Mounted at /content/drive


In [None]:
# import data
import pandas as pd 
final_df = pd.read_csv('/content/drive/MyDrive/Colab_sized_data.csv')

In [None]:
# Drop unnecessary columns
final_df = final_df.drop(['Unnamed: 0', 'Unnamed: 0.1'], axis = 1)
final_df = final_df.reset_index(drop = True)

## Subset data

In [None]:
# Select the 1000 most popular products which was purchased during the 2 years.
arciticle_count = final_df['article_id'].value_counts()

article_list = arciticle_count.keys().tolist()
count_list = arciticle_count.values.tolist()

article_count_df = pd.DataFrame({'id': article_list, 'count': count_list})
article_count_df= article_count_df.sort_values('count', ascending = False)
article_count_df = article_count_df[:1000]

used_id = article_count_df.id.unique()

final_df = final_df[final_df['article_id'].isin(used_id)]

In [None]:
# Select customers
id_count = final_df['customer_id'].value_counts()

id_list = id_count.keys().tolist()
count_list = id_count.values.tolist()

id_count_df = pd.DataFrame({'id': id_list, 'count': count_list})

# filter out customers of which transaction history is less than 2.
used_id = id_count_df[id_count_df['count'] > 1].id.unique().tolist()

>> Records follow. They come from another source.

(* (ZFC) If $\kappa$ is a singular cardinal, then there is no minimal access ideal on $\kappa$. In particular, for the natural well-ordering $<$ of $\kappa$, $Seg(<)$ is not a minimal access ideal for $\kappa$; more precisely, for every preordering $\preccurlyeq$ of $\kappa$ there is a preordering $\preccurlyeq_1$ of $\kappa$ with $Seg(\preccurlyeq_1)\subsetneq Seg(\preccurlyeq)$.
   Context: An ideal on a set $X$ is a collection $\mathcal I$ of subsets of $X$ such that (i) $Y_1,Y_2\in\mathcal I\Rightarrow Y_1\cup Y_2\in\mathcal I$, (ii) $Y\in\mathcal I$, $Z\subseteq Y\Rightarrow Z\in\mathcal I$, (iii) $X\notin\mathcal I$. A preordering of $X$ is a reflexive, transitive, total binary relation $\preccurlyeq$ on $X$; throughout, all preorderings are assumed to have no last element. For $x\in X$ let ${\preccurlyeq_x}=\{y\in X:y\preccurlyeq x\}$. $Seg(\preccurlyeq)$ denotes the ideal of subsets $Y\subseteq X$ with $Y\subseteq{\preccurlyeq_x}$ for some $x\in X$. An ideal $\mathcal I$ on $X$ is an access ideal for $X$ if there is a preordering $\preccurlyeq$ of $X$ with $Seg(\preccurlyeq)\subseteq\mathcal I$. $\mathcal I$ is a minimal access ideal for $X$ if it is an access ideal for $X$ and for no ideal $\mathcal J\subsetneq\mathcal I$ is $\mathcal J$ an access ideal for $X$. *)

theory Defs
  imports Main
begin
(* Let $X$ be a Tychonoff space and $A\subseteq X$ a clopen subset. Then (a) $\operatorname{Homeo}_{cpt}(A)$ naturally embeds (by extending homeomorphisms by the identity on $X\setminus A$) as a closed topological subgroup of $\operatorname{Homeo}_{cpt}(X)$; and (b) if $X$ has CSHP, then so does $A$.
   Context: For a Tychonoff space $Y$, $\operatorname{Homeo}_{cpt}(Y)$ is the group of homeomorphisms of $Y$ with compact support $\operatorname{cl}_Y\{y\mid h(y)\neq y\}$; each extends to a homeomorphism of $\beta Y$ that is the identity on $\beta Y\setminus Y$, and $\operatorname{Homeo}_{cpt}(Y)$ is given the compact-open topology induced from $\beta Y$. For compact $K\subseteq Y$, $\operatorname{Homeo}_K(Y)$ is the subgroup of homeomorphisms fixing every point outside $K$. $Y$ has CSHP (Compactly Supported Homeomorphism Property) if the colimit space topology on $\bigcup_{K\in\mathscr K(Y)}\operatorname{Homeo}_K(Y)=\operatorname{Homeo}_{cpt}(Y)$, namely $\{U\mid U\cap\operatorname{Homeo}_K(Y)\text{ open in }\operatorname{Homeo}_K(Y)\ \forall K\}$ ($\mathscr K(Y)$ the compact subsets of $Y$), coincides with the topology of $\operatorname{Homeo}_{cpt}(Y)$. *)

theory Defs
  imports "HOL-Analysis.Analysis"
begin

definition Tychonoff_sp :: "'a topology \<Rightarrow> bool" where
  "Tychonoff_sp Y \<longleftrightarrow> completely_regular_space Y \<and> Hausdorff_space Y"

text \<open>Stone-Cech compactification: closure of the evaluation embedding of Y
  into the cube [0,1]^C(Y,[0,1]).\<close>
definition SC_index :: "'a topology \<Rightarrow> ('a \<Rightarrow> real) set" where
  "SC_index Y = {f. continuous_map Y (top_of_set {0..1}) f}"

definition SC_cube :: "'a topology \<Rightarrow> (('a \<Rightarrow> real) \<Rightarrow> real) topology" where
  "SC_cube Y = product_topology (\<lambda>f. top_of_set {0..1::real}) (SC_index Y)"

definition SC_embed :: "'a topology \<Rightarrow> 'a \<Rightarrow> (('a \<Rightarrow> real) \<Rightarrow> real)" where
  "SC_embed Y y = (\<lambda>f\<in>SC_index Y. f y)"

definition beta :: "'a topology \<Rightarrow> (('a \<Rightarrow> real) \<Rightarrow> real) topology" where
  "beta Y = subtopology (SC_cube Y) ((SC_cube Y) closure_of (SC_embed Y ` topspace Y))"
(* With $G_d$ and $g_d$ as defined below, for all $(\mathbf{x},k)\in\mathbb{R}^d\times\mathbb{R}$, $$G_d(\mathbf{x},k)=\int_{\mathbb{R}^d}(|\mathbf{x}\cdot\mathbf{w}|-|k|)^+g_d(\mathbf{w})\,d\mathbf{w}.$$
   Context: $G_d(\mathbf{x},k)=\mathbf{1}_{\mathbf{x}\neq\mathbf 0}|\mathbf{x}|e^{-k^2/|\mathbf{x}|^2}$ for $(\mathbf{x},k)\in\mathbb{R}^d\times\mathbb{R}$, and $g_d(\mathbf{w})=-\frac{\sqrt\pi}{2}\mathcal{F}^{-1}_{\mathbf{x}}\big[|\mathbf{x}|^2e^{-|\mathbf{x}|^2/4}\big](\mathbf{w})$, where $\mathcal{F}^{-1}f(\mathbf{w})=(2\pi)^{-d}\int f(\mathbf{x})e^{i\mathbf{w}\cdot\mathbf{x}}d\mathbf{x}$. *)

theory Defs
  imports "HOL-Analysis.Analysis"
begin

definition inv_fourier :: "('a::euclidean_space \<Rightarrow> complex) \<Rightarrow> 'a \<Rightarrow> complex" where
  "inv_fourier f w = complex_of_real ((2 * pi) powr (- real DIM('a))) *
     (LINT x|lborel. f x * exp (\<i> * complex_of_real (w \<bullet> x)))"

definition G_d :: "'a::euclidean_space \<Rightarrow> real \<Rightarrow> real" where
  "G_d x k = (if x \<noteq> 0 then norm x * exp (- (k^2) / (norm x)^2) else 0)"

definition g_d :: "'a::euclidean_space \<Rightarrow> complex" where
  "g_d w = - complex_of_real (sqrt pi / 2) *
     inv_fourier (\<lambda>y::'a. complex_of_real ((norm y) ^ 2 * exp (- ((norm y) ^ 2) / 4))) w"

end

theory Submission
  imports Defs "HOL-Probability.Probability" "HOL-Real_Asymp.Real_Asymp"
    "HOL-Computational_Algebra.Polynomial"
begin

text \<open>The Fourier transforms of \<open>e^{-|y|\<^sup>2}\<close> and \<open>|y|\<^sup>2 e^{-|y|\<^sup>2}\<close> on \<open>\<real>\<^sup>d\<close> factor over
  an orthonormal basis into one-dimensional Gaussian integrals; this gives
  \<open>g\<^sub>d(w) = (\<surd>\<pi> / 2) \<pi>^(-d/2) (4|w|\<^sup>2 - 2d) e^{-|w|\<^sup>2}\<close>.
  For \<open>x \<noteq> 0\<close> and \<open>\<sigma> = |x|\<close>, the push-forwards of \<open>e^{-|w|\<^sup>2} dw\<close> and \<open>|w|\<^sup>2 e^{-|w|\<^sup>2} dw\<close>
  under \<open>w \<mapsto> x \<bullet> w\<close> are again Gaussian-type densities on the line; they are identified
  through their characteristic functions (Levy's uniqueness theorem). The integral
  thus collapses to \<open>(2\<sigma>)^(-1) \<integral> max 0 (|s| - |k|) (4s\<^sup>2/\<sigma>\<^sup>2 - 2) e^{-s\<^sup>2/\<sigma>\<^sup>2} ds\<close>, and
  \<open>-(2s(s - |k|) + \<sigma>\<^sup>2) e^{-s\<^sup>2/\<sigma>\<^sup>2}\<close> is an antiderivative of the integrand on \<open>s > |k|\<close>,
  which yields \<open>2\<sigma>\<^sup>2 e^{-k\<^sup>2/\<sigma>\<^sup>2}\<close>.\<close>

section \<open>Fourier integrals of real functions\<close>

definition fourier_integral :: "('a::euclidean_space \<Rightarrow> real) \<Rightarrow> 'a \<Rightarrow> complex" where
  "fourier_integral f v = (LINT y|lborel. complex_of_real (f y) * exp (\<i> * complex_of_real (v \<bullet> y)))"
lemma gcd_eq_of_coprime_split:
  fixes a d e :: nat
  assumes "coprime e d" "e dvd a" "d dvd Suc a"
  shows "gcd a (e * d) = e" and "gcd (Suc a) (e * d) = d"
proof -
  have "coprime (gcd a (e * d)) d"
    using assms(3) by (meson coprime_Suc_right_nat coprime_divisors gcd_dvd1)
  then have "gcd a (e * d) dvd e"
    by (metis coprime_dvd_mult_left_iff gcd_dvd2)
  then show "gcd a (e * d) = e"
    using assms(2) by (simp add: dvd_antisym)
  have "coprime (gcd (Suc a) (e * d)) e"
    using assms(2) by (meson coprime_Suc_left_nat coprime_divisors gcd_dvd1)
  then have "gcd (Suc a) (e * d) dvd d"
    by (metis coprime_dvd_mult_right_iff gcd_dvd2)
  then show "gcd (Suc a) (e * d) = d"
    using assms(3) by (simp add: dvd_antisym)
qed

lemma inj_on_gcd_Suc_split_residues: "inj_on (\<lambda>a. gcd (Suc a) k) (split_residues k)"
proof (rule inj_onI)
  fix a b
  assume "a \<in> split_residues k" "b \<in> split_residues k" and d: "gcd (Suc a) k = gcd (Suc b) k"
  then have a: "a < k" "gcd a k * gcd (Suc a) k = k" and b: "b < k" "gcd b k * gcd (Suc a) k = k"
    by (simp_all add: split_residues_def)
  then have "gcd a k * gcd (Suc a) k = gcd b k * gcd (Suc a) k"
    by simp
  moreover have "0 < gcd (Suc a) k"
    using a(1) by simp
  ultimately have e: "gcd a k = gcd b k"
    by simp
  have "[a = b] (mod gcd a k)"
    using gcd_dvd1[of a k] gcd_dvd1[of b k] e by (simp add: cong_def dvd_imp_mod_0)
  moreover have "[1 + a = 1 + b] (mod gcd (Suc a) k)"
    using gcd_dvd1[of "Suc a" k] gcd_dvd1[of "Suc b" k] d by (simp add: cong_def dvd_imp_mod_0)
  then have "[a = b] (mod gcd (Suc a) k)"
    by (simp only: cong_add_lcancel_nat)
  ultimately have "[a = b] (mod k)"
    using coprime_cong_mult_nat coprime_gcd_gcd_Suc a(2) by metis
  then show "a = b"
    using a(1) b(1) by (rule cong_less_modulus_unique_nat)
qed

lemma gcd_Suc_split_residue_in_unitary_divisors:
  assumes "0 < k" "a \<in> split_residues k"
  shows "gcd (Suc a) k \<in> unitary_divisors k"
proof -
  have split: "gcd a k * gcd (Suc a) k = k"
    using assms(2) by (simp add: split_residues_def)
  have "k div gcd (Suc a) k = gcd a k * gcd (Suc a) k div gcd (Suc a) k"
    by (simp only: split)
  also have "\<dots> = gcd a k"
    using assms(1) by simp
  finally show ?thesis
    using coprime_gcd_gcd_Suc[of a k] by (simp add: unitary_divisors_def coprime_commute)
qed

lemma unitary_divisor_eq_gcd_Suc_split_residue:
  assumes k: "0 < k" and "d \<in> unitary_divisors k"
  obtains a where "a \<in> split_residues k" "d = gcd (Suc a) k"
proof -
  have "d dvd k" and coprime: "coprime (k div d) d"
    using assms(2) by (simp_all add: unitary_divisors_def coprime_commute)
  define e where "e = k div d"
  have "coprime e d"
    using coprime by (simp add: e_def)
  have k_eq: "k = e * d"
    using \<open>d dvd k\<close> by (simp add: e_def)
  then have "0 < d"
    using k by auto
  \<comment> \<open>\<open>a = 0 (mod k/d)\<close> and \<open>a = -1 (mod d)\<close>, by the Chinese remainder theorem\<close>
  obtain x where x: "[x = 0] (mod e)" "[x = d - 1] (mod d)"
    using binary_chinese_remainder_nat[OF \<open>coprime e d\<close>] by blast
  define a where "a = x mod k"
  have "[a = x] (mod k)"
    by (simp add: a_def)
  then have ae: "[a = x] (mod e)" and ad: "[a = x] (mod d)"
    using k_eq by (auto intro: cong_dvd_modulus_nat)
  have "e dvd a"
    using cong_trans[OF ae x(1)] by (simp add: cong_0_iff)
  have "[1 + a = 1 + (d - 1)] (mod d)"
    using cong_trans[OF ad x(2)] by (simp only: cong_add_lcancel_nat)
  then have "d dvd Suc a"
    using \<open>0 < d\<close> by (simp add: cong_def dvd_eq_mod_eq_0)
  note gcds = gcd_eq_of_coprime_split[OF \<open>coprime e d\<close> \<open>e dvd a\<close> \<open>d dvd Suc a\<close>]
  have "a < k"
    using k by (simp add: a_def)
  then have "a \<in> split_residues k"
    using gcds k_eq by (simp add: split_residues_def)
  moreover have "d = gcd (Suc a) k"
    using gcds k_eq by simp
  ultimately show ?thesis
    by (rule that)
qed

lemma bij_betw_split_residues_unitary_divisors:
  assumes "0 < k"
  shows "bij_betw (\<lambda>a. gcd (Suc a) k) (split_residues k) (unitary_divisors k)"
proof (rule bij_betw_imageI)
  show "inj_on (\<lambda>a. gcd (Suc a) k) (split_residues k)"
    by (rule inj_on_gcd_Suc_split_residues)
  show "(\<lambda>a. gcd (Suc a) k) ` split_residues k = unitary_divisors k"
    using gcd_Suc_split_residue_in_unitary_divisors[OF assms]
      unitary_divisor_eq_gcd_Suc_split_residue[OF assms] by blast
qed

lemma card_quasipolarity_params_filter:
  assumes k: "0 < k"
  shows "card {p \<in> quasipolarity_params k. P (gcd (Suc (fst p)) k)} = \<Sum>{d \<in> unitary_divisors k. P d}"
proof -
  let ?A = "{a \<in> split_residues k. P (gcd (Suc a) k)}"
  have "{p \<in> quasipolarity_params k. P (gcd (Suc (fst p)) k)} = (SIGMA a:?A. {..<gcd (Suc a) k})"
    by (auto simp: quasipolarity_params_def)
  then have "card {p \<in> quasipolarity_params k. P (gcd (Suc (fst p)) k)} = (\<Sum>a\<in>?A. gcd (Suc a) k)"
    by (simp add: split_residues_def)
  also have "\<dots> = \<Sum>{d \<in> unitary_divisors k. P d}"
    by (rule sum.reindex_bij_betw[where g = id, simplified])
      (rule bij_betw_Collect[OF bij_betw_split_residues_unitary_divisors[OF k]], simp)
  finally show ?thesis .
qed

lemma unitary_divisors_double_odd:
  assumes "odd d"
  shows "d \<in> unitary_divisors (2 * k) \<longleftrightarrow> d \<in> unitary_divisors k"
proof -
  have "coprime d 2"
    using assms by (simp add: coprime_commute)
  moreover have "2 * k div d = 2 * (k div d)" if "d dvd k"
    using that by (simp add: div_mult_swap)
  ultimately show ?thesis
    by (auto simp: unitary_divisors_def coprime_dvd_mult_right_iff)
qed

lemma unitary_divisors_double_even:
  assumes "even k"
  shows "{d \<in> unitary_divisors (2 * k). even d} = (\<lambda>d. 2 * d) ` {d \<in> unitary_divisors k. even d}"
proof safe
  fix d
  assume "d \<in> unitary_divisors (2 * k)" "even d"
  then obtain d' where d': "d = 2 * d'" "d' dvd k" "coprime (2 * d') (k div d')"
    by (auto simp: unitary_divisors_def elim!: evenE)
  have "even d'"
  proof (rule ccontr)
    assume "odd d'"
    with \<open>even k\<close> d'(2) have "even (k div d')"
      by (metis dvd_mult_div_cancel even_mult_iff)
    with d'(3) show False
      by simp
  qed
  with d' show "d \<in> (\<lambda>d. 2 * d) ` {d \<in> unitary_divisors k. even d}"
    by (auto simp: unitary_divisors_def)
next
  fix d
  assume "d \<in> unitary_divisors k" "even d"
  then have "d dvd k" "coprime d (k div d)" "odd (k div d)"
    by (auto simp: unitary_divisors_def)
  then show "2 * d \<in> unitary_divisors (2 * k)"
    by (simp add: unitary_divisors_def)
qed simp

lemma unitary_divisor_sum_double:
  assumes "0 < k" "even k"
  shows "unitary_divisor_sum (2 * k) = unitary_divisor_sum k + \<Sum>{d \<in> unitary_divisors k. even d}"
proof -
  have split: "\<Sum>(unitary_divisors n) = \<Sum>{d \<in> unitary_divisors n. odd d} + \<Sum>{d \<in> unitary_divisors n. even d}"
    if "0 < n" for n
    using finite_unitary_divisors[OF that] by (subst sum.union_disjoint[symmetric]) (auto intro: sum.cong)
  have "\<Sum>{d \<in> unitary_divisors (2 * k). even d} = 2 * \<Sum>{d \<in> unitary_divisors k. even d}"
    unfolding unitary_divisors_double_even[OF assms(2)]
    by (subst sum.reindex) (auto simp: inj_on_def sum_distrib_left)
  moreover have "{d \<in> unitary_divisors (2 * k). odd d} = {d \<in> unitary_divisors k. odd d}"
    using unitary_divisors_double_odd by blast
  ultimately show ?thesis
    using split[of k] split[of "2 * k"] assms(1) by (simp add: unitary_divisor_sum_eq)
qed

lemma unitary_divisor_sum_double_diff:
  assumes "0 < k"
  shows "(if even k then 1 else 0) * (int (unitary_divisor_sum (2 * k)) - int (unitary_divisor_sum k))
           = int (\<Sum>{d \<in> unitary_divisors k. even d})"
proof (cases "even k")
  case True
  then show ?thesis
    using unitary_divisor_sum_double[OF assms] by simp
next
  case False
  then have no_even: "{d \<in> unitary_divisors k. even d} = {}"
    by (auto simp: unitary_divisors_def dest: dvd_trans)
  show ?thesis
    unfolding no_even using False by simp
qed

lemma card_Q:
  assumes "0 < k"
  shows "card (Q k) = unitary_divisor_sum k"
proof -
  have "card (Q k) = card (quasipolarity_params k)"
    using bij_betw_quasipolarity_of_params[OF assms] by (simp add: bij_betw_same_card)
  also have "\<dots> = unitary_divisor_sum k"
    using card_quasipolarity_params_filter[OF assms, of "\<lambda>_. True"] by (simp add: unitary_divisor_sum_eq)
  finally show ?thesis .
qed

section \<open>Roots of unity and the Cayley transform\<close>

lemma primitive_root_nonzero:
  assumes "primitive_root_of_unity n z" "0 < n"
  shows "z \<noteq> 0"
  using assms by (auto simp: primitive_root_of_unity_def power_0_left)

lemma primitive_root_powi_eq_1_iff:
  assumes z: "primitive_root_of_unity n z" and n: "0 < n"
  shows "z powi e = 1 \<longleftrightarrow> int n dvd e"
proof -
  define r where "r = e mod int n"
  have r: "0 \<le> r" "r < int n"
    using n by (simp_all add: r_def)
  have "z powi e = z powi (int n * (e div int n) + r)"
    by (simp add: r_def)
  also have "\<dots> = (z powi int n) powi (e div int n) * z powi r"
    using primitive_root_nonzero[OF z n] by (simp add: power_int_add power_int_mult)
  also have "\<dots> = z ^ nat r"
    using z r(1) by (simp add: primitive_root_of_unity_def power_int_def)
  finally have "z powi e = 1 \<longleftrightarrow> z ^ nat r = 1"
    by simp
  also have "\<dots> \<longleftrightarrow> nat r = 0"
  proof
    assume "z ^ nat r = 1"
    show "nat r = 0"
    proof (rule ccontr)
      assume "nat r \<noteq> 0"
      moreover have "nat r < n"
        using r by linarith
      ultimately show False
        using z \<open>z ^ nat r = 1\<close> unfolding primitive_root_of_unity_def by simp
    qed
  qed simp
  also have "\<dots> \<longleftrightarrow> int n dvd e"
    using r by (auto simp: r_def dvd_eq_mod_eq_0)
  finally show ?thesis .
qed

lemma primitive_root_powi_eq_iff:
  assumes z: "primitive_root_of_unity n z" and n: "0 < n"
  shows "z powi e = z powi e' \<longleftrightarrow> [e = e'] (mod int n)"
proof -
  have "z powi e = z powi e' \<longleftrightarrow> z powi (e - e') = 1"
    using primitive_root_nonzero[OF z n] by (simp add: power_int_diff)
  then show ?thesis
    using primitive_root_powi_eq_1_iff[OF z n] by (simp add: cong_iff_dvd_diff)
qed

lemma primitive_root_power_half:
  assumes z: "primitive_root_of_unity (2 * k) z" and k: "0 < k"
  shows "z ^ k = -1"
proof -
  have "(z ^ k)\<^sup>2 = 1"
    using z by (simp add: primitive_root_of_unity_def power_mult [symmetric] mult.commute)
  moreover have "z ^ k \<noteq> 1"
    using z k by (simp add: primitive_root_of_unity_def)
  ultimately show ?thesis
    by (simp add: power2_eq_1_iff)
qed

lemma primitive_root_powi_eq_minus_one_iff:
  assumes z: "primitive_root_of_unity (2 * k) z" and k: "0 < k"
  shows "z powi e = -1 \<longleftrightarrow> [e = int k] (mod int (2 * k))"
proof -
  have minus_one: "-1 = z powi int k"
    using primitive_root_power_half[OF z k] by simp
  show ?thesis
    unfolding minus_one by (rule primitive_root_powi_eq_iff[OF z]) (use k in simp)
qed

lemma cnj_primitive_root_powi:
  assumes z: "primitive_root_of_unity n z" and n: "0 < n"
  shows "cnj (z powi e) = z powi (- e)"
proof -
  have "norm z = 1"
    using z n power_eq_1_iff[of z n] by (simp add: primitive_root_of_unity_def)
  then have "cnj z = inverse z"
    using complex_norm_square[of z] by (simp add: inverse_unique)
  then show ?thesis
    by (simp add: power_int_minus power_int_inverse)
qed

definition cayley :: "complex \<Rightarrow> complex" where
  "cayley w = (1 + w) / (1 - w)"

(* This holds also at w = 1 and w = -1, where both sides are 0 because x / 0 = 0. *)
lemma cayley_uminus: "cayley (- w) = inverse (cayley w)"
  by (simp add: cayley_def)

lemma cnj_cayley: "cnj (cayley w) = cayley (cnj w)"
  by (simp add: cayley_def)

lemma cayley_eq_0_iff: "cayley w = 0 \<longleftrightarrow> w = 1 \<or> w = -1"
  by (auto simp: cayley_def add_eq_0_iff)

lemma prod_conj_involution_nonneg:
  fixes g :: "'a \<Rightarrow> complex"
  assumes "finite A"
    and "\<forall>x\<in>A. \<sigma> x \<in> A \<and> \<sigma> (\<sigma> x) = x \<and> \<sigma> x \<noteq> x"
    and "\<forall>x\<in>A. g (\<sigma> x) = cnj (g x)"
  shows "\<exists>r\<ge>0. prod g A = of_real r"
  using assms
proof (induction A rule: finite_psubset_induct)
  case (psubset A)
  show ?case
  proof (cases "A = {}")
    case False
    then obtain x where x: "x \<in> A"
      by blast
    define B where "B = A - {x, \<sigma> x}"
    have "\<sigma> x \<in> A" "\<sigma> x \<noteq> x" "\<sigma> (\<sigma> x) = x"
      using psubset.prems(1) x by auto
    have "\<forall>y\<in>B. \<sigma> y \<in> B \<and> \<sigma> (\<sigma> y) = y \<and> \<sigma> y \<noteq> y"
    proof
      fix y
      assume "y \<in> B"
      then have "y \<in> A" "y \<noteq> x" "y \<noteq> \<sigma> x"
        by (auto simp: B_def)
      then have "\<sigma> y \<in> A" "\<sigma> (\<sigma> y) = y" "\<sigma> y \<noteq> y"
        using psubset.prems(1) by auto
      moreover have "\<sigma> y \<noteq> x" "\<sigma> y \<noteq> \<sigma> x"
        using \<open>\<sigma> (\<sigma> y) = y\<close> \<open>\<sigma> (\<sigma> x) = x\<close> \<open>y \<noteq> x\<close> \<open>y \<noteq> \<sigma> x\<close> by auto
      ultimately show "\<sigma> y \<in> B \<and> \<sigma> (\<sigma> y) = y \<and> \<sigma> y \<noteq> y"
        by (simp add: B_def)
    qed
    moreover have "B \<subset> A"
      using x by (auto simp: B_def)
    ultimately obtain r where r: "0 \<le> r" "prod g B = of_real r"
      using psubset.IH psubset.prems(2) by (meson psubsetD)
    have "prod g A = g x * g (\<sigma> x) * prod g B"
      using psubset.hyps x \<open>\<sigma> x \<in> A\<close> \<open>\<sigma> x \<noteq> x\<close>
      by (simp add: B_def prod.remove flip: Diff_insert2 mult.assoc)
    also have "g x * g (\<sigma> x) = of_real ((norm (g x))\<^sup>2)"
      using psubset.prems(2) x complex_norm_square[of "g x"] by simp
    finally have "prod g A = of_real ((norm (g x))\<^sup>2 * r)"
      using r by simp
    then show ?thesis
      using r by (intro exI[of _ "(norm (g x))\<^sup>2 * r"]) simp
  qed (intro exI[of _ 1], simp)
qed
(* If $L$ is a finite ranked lattice, then $$\mathcal{M}(L,t)=t^{\mathrm{rk}(L)}\sum_{y\in L}t^{\mathrm{rk}(L)-\mathrm{rk}(y)}\,\chi(L^y,t)\,\chi\big((L^{\mathrm{op}})^y,t^{-1}\big).$$
   Context: $L$ has minimum $\hat 0$, maximum $\hat 1$, rank function $\mathrm{rk}$ with $\mathrm{rk}(\hat 0)=0$, and $\mathrm{rk}(L)=\mathrm{rk}(\hat 1)$. $L^{\mathrm{op}}$ is $L$ with reversed order. For $y\in L$, $L^y=\{x\in L: x\ge y\}$ and $(L^{\mathrm{op}})^y=\{x\in L: x\le y\}$ ordered by the reverse of the order of $L$. For a finite ranked lattice $K$ with minimum $\hat 0_K$ and Möbius function $\mu_K$ ($\mu_K(u,u)=1$, $\sum_{u\le a\le v}\mu_K(u,a)=0$ for $u<v$), the characteristic polynomial is $\chi(K,t)=\sum_{x\in K}\mu_K(\hat 0_K,x)\,t^{\mathrm{rk}(K)-\mathrm{rk}_K(x)}$, where $\mathrm{rk}_K$ is the rank function of $K$ (with $\mathrm{rk}_K(\hat 0_K)=0$) and $\mathrm{rk}(K)$ its maximum. Let $\rho(x,y,z)=3\,\mathrm{rk}(L)-\mathrm{rk}(x)-\mathrm{rk}(y)-\mathrm{rk}(z)$, $\delta_3(x,y,z)=1$ if $x=y=z$ and $0$ otherwise, $J$ the unique integer-valued function on triples $x\le y\le z$ of $L$ with $\sum_{x\le a\le y\le b\le z}J(a,y,b)=\delta_3(x,y,z)$ for all $x\le y\le z$, and $\mathcal{M}(L,t)=\sum_{x\le y\le z}J(x,y,z)\,t^{\rho(x,y,z)}$. *)

theory Defs
  imports Main
begin

definition mobius_on :: "'a set \<Rightarrow> ('a \<Rightarrow> 'a \<Rightarrow> bool) \<Rightarrow> 'a \<Rightarrow> 'a \<Rightarrow> int" where
  "mobius_on S le = (THE m.
      (\<forall>u\<in>S. \<forall>v\<in>S. le u v \<longrightarrow>
          (u = v \<longrightarrow> m u v = 1) \<and>
          (u \<noteq> v \<longrightarrow> (\<Sum>a\<in>{a\<in>S. le u a \<and> le a v}. m u a) = 0)) \<and>
      (\<forall>u v. \<not> (u \<in> S \<and> v \<in> S \<and> le u v) \<longrightarrow> m u v = 0))"

definition rank_on :: "'a set \<Rightarrow> ('a \<Rightarrow> 'a \<Rightarrow> bool) \<Rightarrow> 'a \<Rightarrow> 'a \<Rightarrow> nat" where
  "rank_on S le z x = Max {n. \<exists>c :: nat \<Rightarrow> 'a. c 0 = z \<and> c n = x \<and>
       (\<forall>i\<le>n. c i \<in> S) \<and> (\<forall>i<n. le (c i) (c (Suc i)) \<and> c i \<noteq> c (Suc i))}"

final_df = final_df[final_df['customer_id'].isin(used_id)]

In [None]:
final_df.head()

Unnamed: 0.2,Unnamed: 0,Unnamed: 0.1,t_dat,customer_id,article_id,price,sales_channel_id,FN,Active,club_member_status,...,department_name,index_code,index_name,index_group_no,index_group_name,section_no,section_name,garment_group_no,garment_group_name,detail_desc
3,3,3,2018-09-20,00007d2de826758b65a93dd24ce629ed66842531df6699...,685687003,0.016932,2,1.0,1.0,ACTIVE,...,Campaigns,A,Ladieswear,1,Ladieswear,15,Womens Everyday Collection,1023,Special Offers,V-neck knitted jumper with long sleeves and ri...
4,4,4,2018-09-20,00007d2de826758b65a93dd24ce629ed66842531df6699...,685687004,0.016932,2,1.0,1.0,ACTIVE,...,Campaigns,A,Ladieswear,1,Ladieswear,15,Womens Everyday Collection,1023,Special Offers,V-neck knitted jumper with long sleeves and ri...
5,5,5,2018-09-20,00007d2de826758b65a93dd24ce629ed66842531df6699...,685687001,0.016932,2,1.0,1.0,ACTIVE,...,Campaigns,A,Ladieswear,1,Ladieswear,15,Womens Everyday Collection,1023,Special Offers,V-neck knitted jumper with long sleeves and ri...
7,7,7,2018-09-20,00083cda041544b2fbb0e0d2905ad17da7cf1007526fb4...,688873012,0.030492,1,,,ACTIVE,...,Blouse,A,Ladieswear,1,Ladieswear,11,Womens Tailoring,1010,Blouses,"Blouse in a soft weave with a narrow collar, c..."
11,11,11,2018-09-20,00083cda041544b2fbb0e0d2905ad17da7cf1007526fb4...,688873011,0.030492,1,,,ACTIVE,...,Blouse,A,Ladieswear,1,Ladieswear,11,Womens Tailoring,1010,Blouses,"Blouse in a soft weave with a narrow collar, c..."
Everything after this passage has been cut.